To test this theory, we can follow trends in the major literary genres throughout the last 150 years.  Drama, comedy, tragedy, and satire correlate very well with each other, romance varies slightly but generally follows the same overall trend. During the 1860’s, during the Civil War, none of the genres gain any significant prominence, due to the fact that people were concerned with the safety of their friends and family. Starting in 1870, all genres start gaining more prevalance, until about the middle 1910’s, the start of World War I. During WWI, the relative prevalence of all genre’s drops sharply, potentially due to the fact that people are generally more concerned with their own personal safety. During the roaring twenties, the prevalence of all genre’s increases sharply. During this time, the economy was growing rapidly, due to the increased financial security, people where allowed to focus more on literature. The prevalence of each genre begins to drop when  the stock market crashes in the late 1920’s, and continues to drop throughout the great depression and World War II.  Growth is stagnated during the cold war in the 50’s, and begins to fall sharply as the Vietnam War escalates in mid 60’s to mid 70’s.

The prevalence of all genres continues to slowly decline after the 80’s, except for Romance. I think this decline is due to the decline of printed media as a whole due to the rise of technology and digital media.

 

2 thoughts on “Prevalence of Different Genres of Literature”

  1. I think you did a very good job explaining your points and relating them to different time periods from which you saw changes in the popularity of books as a whole. When looking at the individual genres, however, there is one thing that catches my eye. While the popularity of all the other genres relative to each other tends to stay consistent, romance and comedy flipped with one another around the late 1930s, and then flipped back right before the 1990s. Why do you think that is? What changed in our culture or society during this time period that may have caused this swap in popularity between these two genres?

  2. I like your argument, relating civil disorder to literature. Especially sharp decline of 1910’s and 40’s directly shows inverse-proportional relationship between wars and prevalence of literature. The idea that people care for literature and cultural activity only if their safety and need is satisfied seems very reasonable.

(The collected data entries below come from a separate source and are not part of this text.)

theorem lemma5:
  fixes p r :: nat
    and l1 l2 l3 L2 d A :: "'a::{field,finite} \<Rightarrow> 'a"
    and c2 :: 'a
  assumes "prime p" and "CARD('a) = p ^ r"
    and "affine_fun l1" and "affine_fun l2" and "affine_fun l3"
    and "bij l1" and "bij l2"
    and "additive L2" and "l2 = (\<lambda>x. L2 x + c2)"
    and "DO_poly p r d"
    and "alltop A"
  shows "alltop (\<lambda>x. l1 (A (l2 x)) + d x + l3 x) \<and>
    (\<forall>a. a \<noteq> 0 \<longrightarrow> (\<exists>b. b \<noteq> 0 \<and> L2 b = a \<and>
       EA_equiv (delta A a) (delta (\<lambda>x. l1 (A (l2 x)) + d x + l3 x) b)))"
proof -
  have "CHAR('a) = p" using assms(1,2) by (rule CHAR_eq_prime_if_CARD_eq_power)
  then have delta_d: "affine_fun (delta d b)" for b
    using assms(1,10) affine_fun_delta_DO_poly by metis
  have delta_g: "affine_fun (delta (\<lambda>x. d x + l3 x) b)" for b
    unfolding delta_add by (rule affine_fun_add[OF delta_d affine_fun_delta_affine[OF assms(5)]])
  have A': "(\<lambda>x. l1 (A (l2 x)) + d x + l3 x) = (\<lambda>x. l1 (A (L2 x + c2)) + (d x + l3 x))"
    by (simp add: assms(9) add.assoc)
  have bij_l2: "bij (\<lambda>x. L2 x + c2)" using assms(7,9) by simp
  then have bij_L2: "bij L2" by (rule bij_translate_imp_bij)
  have "\<exists>b. b \<noteq> 0 \<and> L2 b = a \<and> EA_equiv (delta A a) (delta (\<lambda>x. l1 (A (l2 x)) + d x + l3 x) b)"
    if "a \<noteq> 0" for a
  proof (intro exI conjI)
    show L2_inv: "L2 (inv L2 a) = a" using bij_L2 by (simp add: bij_is_surj surj_f_inv_f)
    then show "inv L2 a \<noteq> 0" using \<open>a \<noteq> 0\<close> assms(8) additive_0 by metis
    show "EA_equiv (delta A a) (delta (\<lambda>x. l1 (A (l2 x)) + d x + l3 x) (inv L2 a))"
      unfolding A'
      using EA_equiv_delta_comp_plus[OF assms(3,6,8) bij_l2 delta_g, where f=A and b="inv L2 a"]
      by (simp add: L2_inv EA_equiv_sym)
  qed
  moreover have "alltop (\<lambda>x. l1 (A (l2 x)) + d x + l3 x)"
    unfolding A' by (rule alltop_comp_plus[OF assms(11,3,6,8) bij_l2 delta_g])
  ultimately show ?thesis by blast
qed

end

What draws my attention more, however, is changes from 1980’s. It is understandable that the graph declines due to the development of technology using media and digital devices, yet graph of ‘romance’ and ‘comedy’ seems unexplainable by technological development. Changes of comedy genre seems like change in trend since its graph declines gradually from 1950’s and also its decline is not as significant as others. Graph of romance is also just due to change in trend. It is the only genre that inclined after 1980’s.